▸ **Your objective**
Only the lines holding the string "sgnH" are needed; copy each of them from the data.

▸ **Records for the task**
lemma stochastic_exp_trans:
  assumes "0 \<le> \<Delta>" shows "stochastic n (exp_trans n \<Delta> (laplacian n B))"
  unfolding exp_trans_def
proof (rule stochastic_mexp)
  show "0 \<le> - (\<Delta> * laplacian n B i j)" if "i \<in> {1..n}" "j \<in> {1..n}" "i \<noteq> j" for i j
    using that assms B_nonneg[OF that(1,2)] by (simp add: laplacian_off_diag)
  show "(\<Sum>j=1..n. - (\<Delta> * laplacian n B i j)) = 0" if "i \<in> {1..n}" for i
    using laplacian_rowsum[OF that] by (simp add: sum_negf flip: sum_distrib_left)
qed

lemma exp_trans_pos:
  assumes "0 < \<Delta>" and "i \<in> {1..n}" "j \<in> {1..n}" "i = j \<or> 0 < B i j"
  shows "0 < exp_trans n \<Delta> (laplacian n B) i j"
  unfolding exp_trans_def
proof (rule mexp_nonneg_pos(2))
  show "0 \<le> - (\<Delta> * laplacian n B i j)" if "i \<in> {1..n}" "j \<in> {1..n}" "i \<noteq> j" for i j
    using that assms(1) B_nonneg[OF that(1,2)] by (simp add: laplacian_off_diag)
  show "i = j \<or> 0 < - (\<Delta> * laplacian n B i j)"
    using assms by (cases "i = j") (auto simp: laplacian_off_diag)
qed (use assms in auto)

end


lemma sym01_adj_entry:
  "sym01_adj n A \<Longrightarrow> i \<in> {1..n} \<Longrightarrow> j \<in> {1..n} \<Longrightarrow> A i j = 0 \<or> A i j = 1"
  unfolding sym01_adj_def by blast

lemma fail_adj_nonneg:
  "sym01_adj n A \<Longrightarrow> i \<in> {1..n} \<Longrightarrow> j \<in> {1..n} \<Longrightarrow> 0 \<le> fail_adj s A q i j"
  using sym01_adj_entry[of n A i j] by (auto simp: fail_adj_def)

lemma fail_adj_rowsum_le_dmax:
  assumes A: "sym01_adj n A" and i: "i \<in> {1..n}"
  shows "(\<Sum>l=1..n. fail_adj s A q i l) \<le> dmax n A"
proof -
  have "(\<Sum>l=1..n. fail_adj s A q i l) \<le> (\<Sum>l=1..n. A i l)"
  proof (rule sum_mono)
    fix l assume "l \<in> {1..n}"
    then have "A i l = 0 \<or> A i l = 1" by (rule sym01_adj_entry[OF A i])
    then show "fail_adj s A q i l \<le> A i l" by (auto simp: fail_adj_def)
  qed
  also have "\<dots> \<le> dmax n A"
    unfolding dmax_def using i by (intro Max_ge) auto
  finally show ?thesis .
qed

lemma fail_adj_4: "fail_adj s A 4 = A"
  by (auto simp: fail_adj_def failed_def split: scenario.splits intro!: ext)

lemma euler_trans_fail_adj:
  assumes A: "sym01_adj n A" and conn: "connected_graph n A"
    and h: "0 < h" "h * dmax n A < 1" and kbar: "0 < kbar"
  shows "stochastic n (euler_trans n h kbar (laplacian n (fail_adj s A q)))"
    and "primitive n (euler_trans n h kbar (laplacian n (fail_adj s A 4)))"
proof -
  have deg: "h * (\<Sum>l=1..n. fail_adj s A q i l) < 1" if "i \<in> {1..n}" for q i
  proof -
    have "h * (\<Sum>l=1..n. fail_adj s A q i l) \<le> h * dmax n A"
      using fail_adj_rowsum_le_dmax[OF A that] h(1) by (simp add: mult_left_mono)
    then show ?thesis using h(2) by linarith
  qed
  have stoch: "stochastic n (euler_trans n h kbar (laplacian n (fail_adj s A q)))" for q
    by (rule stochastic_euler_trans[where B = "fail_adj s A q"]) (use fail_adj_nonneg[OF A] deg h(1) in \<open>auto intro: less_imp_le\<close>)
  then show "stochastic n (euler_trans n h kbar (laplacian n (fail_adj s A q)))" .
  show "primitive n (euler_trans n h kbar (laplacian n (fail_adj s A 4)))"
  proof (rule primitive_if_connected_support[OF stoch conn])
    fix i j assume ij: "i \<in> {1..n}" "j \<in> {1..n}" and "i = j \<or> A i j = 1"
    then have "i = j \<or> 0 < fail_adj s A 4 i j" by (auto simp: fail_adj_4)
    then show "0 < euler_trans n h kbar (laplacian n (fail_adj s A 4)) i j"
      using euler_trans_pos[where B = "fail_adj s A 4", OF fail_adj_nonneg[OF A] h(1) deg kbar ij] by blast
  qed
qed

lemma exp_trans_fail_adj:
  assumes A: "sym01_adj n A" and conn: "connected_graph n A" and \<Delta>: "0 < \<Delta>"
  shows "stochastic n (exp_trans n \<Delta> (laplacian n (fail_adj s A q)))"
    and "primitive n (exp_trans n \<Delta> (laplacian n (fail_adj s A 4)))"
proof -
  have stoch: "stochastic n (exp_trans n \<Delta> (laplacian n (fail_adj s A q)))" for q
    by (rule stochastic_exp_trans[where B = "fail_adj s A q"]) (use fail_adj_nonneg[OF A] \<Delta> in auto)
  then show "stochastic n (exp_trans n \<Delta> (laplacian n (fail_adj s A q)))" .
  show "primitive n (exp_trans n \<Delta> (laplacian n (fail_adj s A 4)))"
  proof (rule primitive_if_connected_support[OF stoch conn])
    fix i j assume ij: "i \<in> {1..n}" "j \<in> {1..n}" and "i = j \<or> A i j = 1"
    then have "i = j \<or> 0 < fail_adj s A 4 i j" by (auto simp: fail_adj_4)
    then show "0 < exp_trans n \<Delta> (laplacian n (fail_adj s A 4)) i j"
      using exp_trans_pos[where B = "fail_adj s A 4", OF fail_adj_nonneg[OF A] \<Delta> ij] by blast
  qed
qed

--

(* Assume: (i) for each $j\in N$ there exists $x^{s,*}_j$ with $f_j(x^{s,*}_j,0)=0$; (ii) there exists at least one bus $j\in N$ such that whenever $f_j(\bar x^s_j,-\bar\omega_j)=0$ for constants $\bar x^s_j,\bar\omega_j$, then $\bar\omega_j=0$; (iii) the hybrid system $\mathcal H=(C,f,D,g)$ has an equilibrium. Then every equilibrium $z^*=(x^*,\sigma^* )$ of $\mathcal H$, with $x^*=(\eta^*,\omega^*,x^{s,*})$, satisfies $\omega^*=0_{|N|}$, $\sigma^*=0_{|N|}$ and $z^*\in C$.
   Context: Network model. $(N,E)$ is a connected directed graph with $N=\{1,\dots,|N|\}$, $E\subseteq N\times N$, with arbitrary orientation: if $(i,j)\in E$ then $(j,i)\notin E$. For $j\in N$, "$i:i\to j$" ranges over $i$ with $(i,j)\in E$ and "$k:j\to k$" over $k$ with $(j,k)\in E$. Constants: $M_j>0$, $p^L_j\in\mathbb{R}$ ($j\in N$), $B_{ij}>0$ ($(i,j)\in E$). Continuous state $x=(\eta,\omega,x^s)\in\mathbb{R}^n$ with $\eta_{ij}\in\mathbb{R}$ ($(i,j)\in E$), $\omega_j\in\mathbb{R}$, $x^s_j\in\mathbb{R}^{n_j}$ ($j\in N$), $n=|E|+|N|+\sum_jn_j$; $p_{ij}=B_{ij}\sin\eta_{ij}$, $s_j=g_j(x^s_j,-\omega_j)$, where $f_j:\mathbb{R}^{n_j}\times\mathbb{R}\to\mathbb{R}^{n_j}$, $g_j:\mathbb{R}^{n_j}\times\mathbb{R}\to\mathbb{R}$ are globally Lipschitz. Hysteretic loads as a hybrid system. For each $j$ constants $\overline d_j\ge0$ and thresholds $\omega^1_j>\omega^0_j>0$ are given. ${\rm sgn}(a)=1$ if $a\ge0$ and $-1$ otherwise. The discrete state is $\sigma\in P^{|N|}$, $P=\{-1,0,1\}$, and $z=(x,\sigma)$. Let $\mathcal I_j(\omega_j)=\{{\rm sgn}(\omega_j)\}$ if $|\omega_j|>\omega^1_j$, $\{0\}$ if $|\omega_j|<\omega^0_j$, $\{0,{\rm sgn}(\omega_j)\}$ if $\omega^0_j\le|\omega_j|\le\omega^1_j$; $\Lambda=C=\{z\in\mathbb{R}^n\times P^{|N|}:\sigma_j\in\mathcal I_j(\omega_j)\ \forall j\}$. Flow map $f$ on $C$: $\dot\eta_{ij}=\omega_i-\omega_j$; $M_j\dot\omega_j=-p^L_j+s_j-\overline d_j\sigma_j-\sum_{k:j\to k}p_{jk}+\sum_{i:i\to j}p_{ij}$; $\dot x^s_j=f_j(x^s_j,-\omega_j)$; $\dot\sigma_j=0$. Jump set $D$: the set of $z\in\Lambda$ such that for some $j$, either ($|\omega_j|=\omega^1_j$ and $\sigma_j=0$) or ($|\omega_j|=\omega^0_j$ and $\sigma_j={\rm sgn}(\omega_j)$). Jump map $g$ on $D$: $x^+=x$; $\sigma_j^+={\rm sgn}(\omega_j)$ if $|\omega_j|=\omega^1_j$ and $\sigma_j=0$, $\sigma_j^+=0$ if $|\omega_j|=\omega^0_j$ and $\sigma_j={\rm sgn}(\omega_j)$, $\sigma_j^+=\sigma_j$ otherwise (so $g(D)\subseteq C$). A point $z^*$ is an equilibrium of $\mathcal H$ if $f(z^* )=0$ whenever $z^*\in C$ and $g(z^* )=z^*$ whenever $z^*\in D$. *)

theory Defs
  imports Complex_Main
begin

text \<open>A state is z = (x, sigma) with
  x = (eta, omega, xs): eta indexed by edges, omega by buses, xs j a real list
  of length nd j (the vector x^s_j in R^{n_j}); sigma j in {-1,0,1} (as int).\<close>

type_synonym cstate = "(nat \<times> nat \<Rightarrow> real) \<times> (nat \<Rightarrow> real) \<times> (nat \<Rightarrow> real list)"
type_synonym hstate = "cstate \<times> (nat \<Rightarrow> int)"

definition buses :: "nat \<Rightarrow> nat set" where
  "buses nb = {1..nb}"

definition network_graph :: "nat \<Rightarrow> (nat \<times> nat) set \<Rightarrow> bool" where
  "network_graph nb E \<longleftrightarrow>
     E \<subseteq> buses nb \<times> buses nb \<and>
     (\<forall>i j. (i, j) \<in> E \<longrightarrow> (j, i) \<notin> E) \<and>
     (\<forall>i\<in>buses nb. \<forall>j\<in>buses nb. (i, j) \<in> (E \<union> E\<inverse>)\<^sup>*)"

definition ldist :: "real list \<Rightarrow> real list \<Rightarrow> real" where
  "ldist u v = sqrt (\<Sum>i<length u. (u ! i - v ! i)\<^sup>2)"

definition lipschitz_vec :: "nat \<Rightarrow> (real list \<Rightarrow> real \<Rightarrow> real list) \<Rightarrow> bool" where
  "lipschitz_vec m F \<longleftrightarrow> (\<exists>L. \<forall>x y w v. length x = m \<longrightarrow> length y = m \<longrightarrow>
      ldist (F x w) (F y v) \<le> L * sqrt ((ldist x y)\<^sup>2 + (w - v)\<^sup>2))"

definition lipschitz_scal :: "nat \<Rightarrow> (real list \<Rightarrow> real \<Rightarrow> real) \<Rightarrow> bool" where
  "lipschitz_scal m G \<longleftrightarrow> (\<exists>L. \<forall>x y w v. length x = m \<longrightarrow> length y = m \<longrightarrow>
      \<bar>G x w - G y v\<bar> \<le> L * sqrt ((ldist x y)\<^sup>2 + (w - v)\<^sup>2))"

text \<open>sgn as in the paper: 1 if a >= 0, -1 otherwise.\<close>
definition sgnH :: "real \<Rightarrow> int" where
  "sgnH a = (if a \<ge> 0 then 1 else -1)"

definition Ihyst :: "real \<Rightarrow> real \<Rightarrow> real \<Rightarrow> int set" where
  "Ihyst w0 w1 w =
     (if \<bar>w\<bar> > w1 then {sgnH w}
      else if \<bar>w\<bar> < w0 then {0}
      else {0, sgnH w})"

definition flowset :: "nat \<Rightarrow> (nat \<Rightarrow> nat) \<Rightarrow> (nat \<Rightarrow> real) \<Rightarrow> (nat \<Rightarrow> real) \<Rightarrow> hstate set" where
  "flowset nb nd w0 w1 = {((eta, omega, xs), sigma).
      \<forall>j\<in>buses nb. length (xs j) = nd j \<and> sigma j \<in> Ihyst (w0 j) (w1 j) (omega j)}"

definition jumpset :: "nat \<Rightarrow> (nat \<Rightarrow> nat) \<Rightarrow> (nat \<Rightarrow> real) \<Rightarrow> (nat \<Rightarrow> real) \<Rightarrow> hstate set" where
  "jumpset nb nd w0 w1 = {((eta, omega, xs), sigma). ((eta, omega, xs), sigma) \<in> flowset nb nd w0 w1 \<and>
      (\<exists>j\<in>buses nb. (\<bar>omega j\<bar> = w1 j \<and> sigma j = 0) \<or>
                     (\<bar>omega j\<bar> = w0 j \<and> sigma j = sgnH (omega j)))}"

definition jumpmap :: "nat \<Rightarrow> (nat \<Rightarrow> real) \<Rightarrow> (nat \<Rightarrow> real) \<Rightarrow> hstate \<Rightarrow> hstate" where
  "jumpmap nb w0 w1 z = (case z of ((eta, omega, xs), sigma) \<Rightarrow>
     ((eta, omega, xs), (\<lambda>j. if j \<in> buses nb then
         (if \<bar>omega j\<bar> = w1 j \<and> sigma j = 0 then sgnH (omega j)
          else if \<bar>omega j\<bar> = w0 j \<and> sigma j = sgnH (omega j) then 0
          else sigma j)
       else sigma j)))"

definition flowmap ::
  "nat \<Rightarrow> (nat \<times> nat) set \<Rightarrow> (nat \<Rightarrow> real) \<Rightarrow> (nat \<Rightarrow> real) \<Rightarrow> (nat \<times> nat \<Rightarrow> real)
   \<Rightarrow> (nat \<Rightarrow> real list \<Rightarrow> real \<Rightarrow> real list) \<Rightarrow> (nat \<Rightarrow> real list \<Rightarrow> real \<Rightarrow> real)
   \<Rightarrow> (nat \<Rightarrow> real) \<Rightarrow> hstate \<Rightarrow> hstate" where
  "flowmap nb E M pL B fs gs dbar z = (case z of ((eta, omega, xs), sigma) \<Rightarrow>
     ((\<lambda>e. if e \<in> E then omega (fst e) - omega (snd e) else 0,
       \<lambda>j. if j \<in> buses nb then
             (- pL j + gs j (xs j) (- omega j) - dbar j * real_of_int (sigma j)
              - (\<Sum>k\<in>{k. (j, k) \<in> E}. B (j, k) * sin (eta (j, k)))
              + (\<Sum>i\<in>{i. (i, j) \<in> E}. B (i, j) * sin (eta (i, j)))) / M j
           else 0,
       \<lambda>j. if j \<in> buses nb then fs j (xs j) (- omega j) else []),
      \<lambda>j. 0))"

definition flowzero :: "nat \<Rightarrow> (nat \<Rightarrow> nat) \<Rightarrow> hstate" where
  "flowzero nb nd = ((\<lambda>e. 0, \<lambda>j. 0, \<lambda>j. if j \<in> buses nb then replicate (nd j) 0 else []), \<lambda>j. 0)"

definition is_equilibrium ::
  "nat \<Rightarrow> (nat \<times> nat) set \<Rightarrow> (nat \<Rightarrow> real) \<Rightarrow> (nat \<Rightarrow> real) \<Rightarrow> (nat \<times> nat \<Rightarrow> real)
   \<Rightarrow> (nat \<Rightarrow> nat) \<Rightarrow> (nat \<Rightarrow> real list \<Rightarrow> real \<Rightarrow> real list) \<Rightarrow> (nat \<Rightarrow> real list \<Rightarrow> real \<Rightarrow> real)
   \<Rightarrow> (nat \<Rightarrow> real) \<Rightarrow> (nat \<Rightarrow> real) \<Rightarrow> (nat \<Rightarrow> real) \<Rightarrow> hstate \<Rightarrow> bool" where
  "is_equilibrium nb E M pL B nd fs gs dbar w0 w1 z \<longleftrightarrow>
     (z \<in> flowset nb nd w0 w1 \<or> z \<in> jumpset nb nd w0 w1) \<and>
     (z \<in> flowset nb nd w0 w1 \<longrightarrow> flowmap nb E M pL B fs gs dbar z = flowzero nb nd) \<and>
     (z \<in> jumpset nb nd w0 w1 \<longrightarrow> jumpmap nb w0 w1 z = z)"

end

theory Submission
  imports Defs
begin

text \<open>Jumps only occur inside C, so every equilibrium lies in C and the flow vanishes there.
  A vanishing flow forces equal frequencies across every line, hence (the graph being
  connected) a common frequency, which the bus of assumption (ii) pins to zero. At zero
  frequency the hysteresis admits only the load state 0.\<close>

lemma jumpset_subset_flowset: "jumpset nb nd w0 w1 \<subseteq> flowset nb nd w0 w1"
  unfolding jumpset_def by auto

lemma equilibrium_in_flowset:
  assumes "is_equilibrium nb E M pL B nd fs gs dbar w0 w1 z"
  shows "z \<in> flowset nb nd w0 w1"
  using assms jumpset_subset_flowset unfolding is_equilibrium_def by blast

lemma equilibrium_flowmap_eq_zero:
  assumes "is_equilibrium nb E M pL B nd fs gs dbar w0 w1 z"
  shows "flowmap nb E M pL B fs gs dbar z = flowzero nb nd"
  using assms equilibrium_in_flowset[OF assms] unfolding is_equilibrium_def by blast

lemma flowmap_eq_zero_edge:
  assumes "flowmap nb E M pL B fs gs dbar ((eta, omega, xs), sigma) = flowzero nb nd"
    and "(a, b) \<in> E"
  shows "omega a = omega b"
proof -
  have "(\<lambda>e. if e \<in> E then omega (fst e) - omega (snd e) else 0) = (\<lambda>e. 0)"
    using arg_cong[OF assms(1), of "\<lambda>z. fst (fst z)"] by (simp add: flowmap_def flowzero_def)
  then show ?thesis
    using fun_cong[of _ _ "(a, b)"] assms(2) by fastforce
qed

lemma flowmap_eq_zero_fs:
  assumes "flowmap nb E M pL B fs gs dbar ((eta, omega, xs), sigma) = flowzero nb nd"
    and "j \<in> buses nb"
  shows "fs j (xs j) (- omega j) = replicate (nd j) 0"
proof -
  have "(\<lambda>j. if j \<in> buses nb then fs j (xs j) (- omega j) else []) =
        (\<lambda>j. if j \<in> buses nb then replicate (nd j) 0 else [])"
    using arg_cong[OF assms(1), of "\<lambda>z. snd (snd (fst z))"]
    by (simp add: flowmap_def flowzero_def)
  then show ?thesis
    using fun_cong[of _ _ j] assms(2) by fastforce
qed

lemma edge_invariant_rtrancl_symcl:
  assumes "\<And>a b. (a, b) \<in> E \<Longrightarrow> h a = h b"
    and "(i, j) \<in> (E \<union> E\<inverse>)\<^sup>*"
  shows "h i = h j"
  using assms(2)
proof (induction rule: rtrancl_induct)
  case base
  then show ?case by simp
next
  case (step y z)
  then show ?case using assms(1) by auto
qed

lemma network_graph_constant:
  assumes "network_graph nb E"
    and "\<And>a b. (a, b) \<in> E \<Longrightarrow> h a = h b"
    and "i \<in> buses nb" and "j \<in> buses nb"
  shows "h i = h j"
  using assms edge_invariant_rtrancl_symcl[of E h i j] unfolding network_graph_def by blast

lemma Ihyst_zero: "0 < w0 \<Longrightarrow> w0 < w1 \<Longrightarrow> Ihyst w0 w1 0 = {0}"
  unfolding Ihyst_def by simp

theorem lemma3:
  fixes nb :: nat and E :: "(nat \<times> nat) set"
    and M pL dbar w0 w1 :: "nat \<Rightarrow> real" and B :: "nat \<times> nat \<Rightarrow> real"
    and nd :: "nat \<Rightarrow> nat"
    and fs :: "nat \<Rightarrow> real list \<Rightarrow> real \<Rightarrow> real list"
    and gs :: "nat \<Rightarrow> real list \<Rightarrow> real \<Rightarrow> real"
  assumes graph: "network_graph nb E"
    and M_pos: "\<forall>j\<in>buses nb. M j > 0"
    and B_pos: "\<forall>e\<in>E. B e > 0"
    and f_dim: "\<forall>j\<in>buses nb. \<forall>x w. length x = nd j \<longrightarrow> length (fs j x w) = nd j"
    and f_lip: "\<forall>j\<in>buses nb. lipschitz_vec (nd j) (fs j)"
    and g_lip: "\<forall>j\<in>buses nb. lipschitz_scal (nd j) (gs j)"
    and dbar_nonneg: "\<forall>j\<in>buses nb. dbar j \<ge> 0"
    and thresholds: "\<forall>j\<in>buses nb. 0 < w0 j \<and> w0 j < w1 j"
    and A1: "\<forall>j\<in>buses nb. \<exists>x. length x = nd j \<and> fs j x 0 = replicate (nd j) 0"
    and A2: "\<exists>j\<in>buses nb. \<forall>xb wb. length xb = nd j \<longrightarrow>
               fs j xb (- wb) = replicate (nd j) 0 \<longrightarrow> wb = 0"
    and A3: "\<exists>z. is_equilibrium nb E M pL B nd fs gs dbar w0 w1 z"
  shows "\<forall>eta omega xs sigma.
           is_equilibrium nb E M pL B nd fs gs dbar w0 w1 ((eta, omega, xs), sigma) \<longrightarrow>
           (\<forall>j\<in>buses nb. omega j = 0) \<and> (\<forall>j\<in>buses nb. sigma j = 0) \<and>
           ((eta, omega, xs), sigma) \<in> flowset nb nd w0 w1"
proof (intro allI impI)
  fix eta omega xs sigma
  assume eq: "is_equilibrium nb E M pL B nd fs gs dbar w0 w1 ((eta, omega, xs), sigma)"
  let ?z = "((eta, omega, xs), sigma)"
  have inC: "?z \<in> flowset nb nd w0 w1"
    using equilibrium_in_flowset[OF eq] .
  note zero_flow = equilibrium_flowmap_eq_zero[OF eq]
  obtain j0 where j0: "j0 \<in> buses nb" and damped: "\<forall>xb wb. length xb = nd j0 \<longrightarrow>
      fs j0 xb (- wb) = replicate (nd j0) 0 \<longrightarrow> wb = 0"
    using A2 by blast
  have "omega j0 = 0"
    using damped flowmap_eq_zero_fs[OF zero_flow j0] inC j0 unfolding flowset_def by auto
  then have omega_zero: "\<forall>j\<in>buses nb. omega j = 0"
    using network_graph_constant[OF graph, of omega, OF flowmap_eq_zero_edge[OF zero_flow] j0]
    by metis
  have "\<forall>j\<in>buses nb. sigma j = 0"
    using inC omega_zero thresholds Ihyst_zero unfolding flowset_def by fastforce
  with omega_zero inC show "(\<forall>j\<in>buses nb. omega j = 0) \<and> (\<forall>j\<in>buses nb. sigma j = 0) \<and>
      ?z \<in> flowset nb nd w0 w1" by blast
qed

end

---

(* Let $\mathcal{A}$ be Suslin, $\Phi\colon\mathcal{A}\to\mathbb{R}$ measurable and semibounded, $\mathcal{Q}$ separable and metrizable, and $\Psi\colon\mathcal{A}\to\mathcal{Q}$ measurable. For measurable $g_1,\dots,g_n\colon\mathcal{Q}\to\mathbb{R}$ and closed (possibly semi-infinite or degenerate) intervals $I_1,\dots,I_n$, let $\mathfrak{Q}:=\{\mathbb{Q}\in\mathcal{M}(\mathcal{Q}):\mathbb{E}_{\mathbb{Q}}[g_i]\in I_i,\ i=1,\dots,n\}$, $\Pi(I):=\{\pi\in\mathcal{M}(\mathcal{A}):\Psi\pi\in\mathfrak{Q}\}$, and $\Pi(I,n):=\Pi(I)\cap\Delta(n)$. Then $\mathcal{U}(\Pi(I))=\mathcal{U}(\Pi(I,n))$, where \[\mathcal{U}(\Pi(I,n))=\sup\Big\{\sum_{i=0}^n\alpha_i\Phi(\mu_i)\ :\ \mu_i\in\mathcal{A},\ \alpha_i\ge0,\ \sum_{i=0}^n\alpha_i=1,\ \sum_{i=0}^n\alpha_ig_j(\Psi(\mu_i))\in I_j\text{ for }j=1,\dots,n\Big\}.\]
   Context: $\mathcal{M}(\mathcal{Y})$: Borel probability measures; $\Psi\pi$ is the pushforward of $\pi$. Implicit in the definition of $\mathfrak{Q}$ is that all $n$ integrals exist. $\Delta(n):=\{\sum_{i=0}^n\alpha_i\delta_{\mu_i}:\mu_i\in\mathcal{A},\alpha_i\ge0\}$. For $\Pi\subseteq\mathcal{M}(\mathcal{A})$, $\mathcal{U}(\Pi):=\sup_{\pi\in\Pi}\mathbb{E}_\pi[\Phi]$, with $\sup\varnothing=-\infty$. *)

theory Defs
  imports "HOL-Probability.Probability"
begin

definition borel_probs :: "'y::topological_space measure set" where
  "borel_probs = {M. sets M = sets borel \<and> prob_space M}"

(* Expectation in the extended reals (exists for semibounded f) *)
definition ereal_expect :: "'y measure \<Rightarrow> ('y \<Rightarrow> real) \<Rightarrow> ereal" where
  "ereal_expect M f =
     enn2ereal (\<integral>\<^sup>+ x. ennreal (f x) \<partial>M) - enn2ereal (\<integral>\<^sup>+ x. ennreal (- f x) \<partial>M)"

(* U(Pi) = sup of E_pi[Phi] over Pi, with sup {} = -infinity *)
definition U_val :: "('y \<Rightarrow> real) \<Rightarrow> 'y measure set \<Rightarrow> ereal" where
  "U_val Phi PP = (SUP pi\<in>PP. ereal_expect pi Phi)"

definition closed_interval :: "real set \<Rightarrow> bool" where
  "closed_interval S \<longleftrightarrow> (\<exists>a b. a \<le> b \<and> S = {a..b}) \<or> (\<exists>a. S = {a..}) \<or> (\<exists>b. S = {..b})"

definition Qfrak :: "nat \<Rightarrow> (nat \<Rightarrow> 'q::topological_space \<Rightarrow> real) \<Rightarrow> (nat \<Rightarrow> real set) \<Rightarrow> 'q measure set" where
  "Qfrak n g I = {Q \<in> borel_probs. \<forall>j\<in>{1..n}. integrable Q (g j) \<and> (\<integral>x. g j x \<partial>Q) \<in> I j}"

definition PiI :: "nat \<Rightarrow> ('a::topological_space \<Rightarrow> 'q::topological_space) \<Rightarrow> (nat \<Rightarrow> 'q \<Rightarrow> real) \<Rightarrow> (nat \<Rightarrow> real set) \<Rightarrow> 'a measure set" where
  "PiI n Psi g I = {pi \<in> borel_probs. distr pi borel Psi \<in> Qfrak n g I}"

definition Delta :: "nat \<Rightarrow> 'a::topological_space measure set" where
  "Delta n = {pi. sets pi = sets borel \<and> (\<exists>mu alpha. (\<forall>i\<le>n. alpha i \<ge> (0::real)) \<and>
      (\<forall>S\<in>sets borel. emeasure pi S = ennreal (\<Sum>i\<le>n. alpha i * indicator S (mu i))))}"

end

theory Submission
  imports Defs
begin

▸ **Result of the exercise**
definition sgnH :: "real \<Rightarrow> int" where
  "sgnH a = (if a \<ge> 0 then 1 else -1)"
     (if \<bar>w\<bar> > w1 then {sgnH w}
      else {0, sgnH w})"
                     (\<bar>omega j\<bar> = w0 j \<and> sigma j = sgnH (omega j)))}"
         (if \<bar>omega j\<bar> = w1 j \<and> sigma j = 0 then sgnH (omega j)
          else if \<bar>omega j\<bar> = w0 j \<and> sigma j = sgnH (omega j) then 0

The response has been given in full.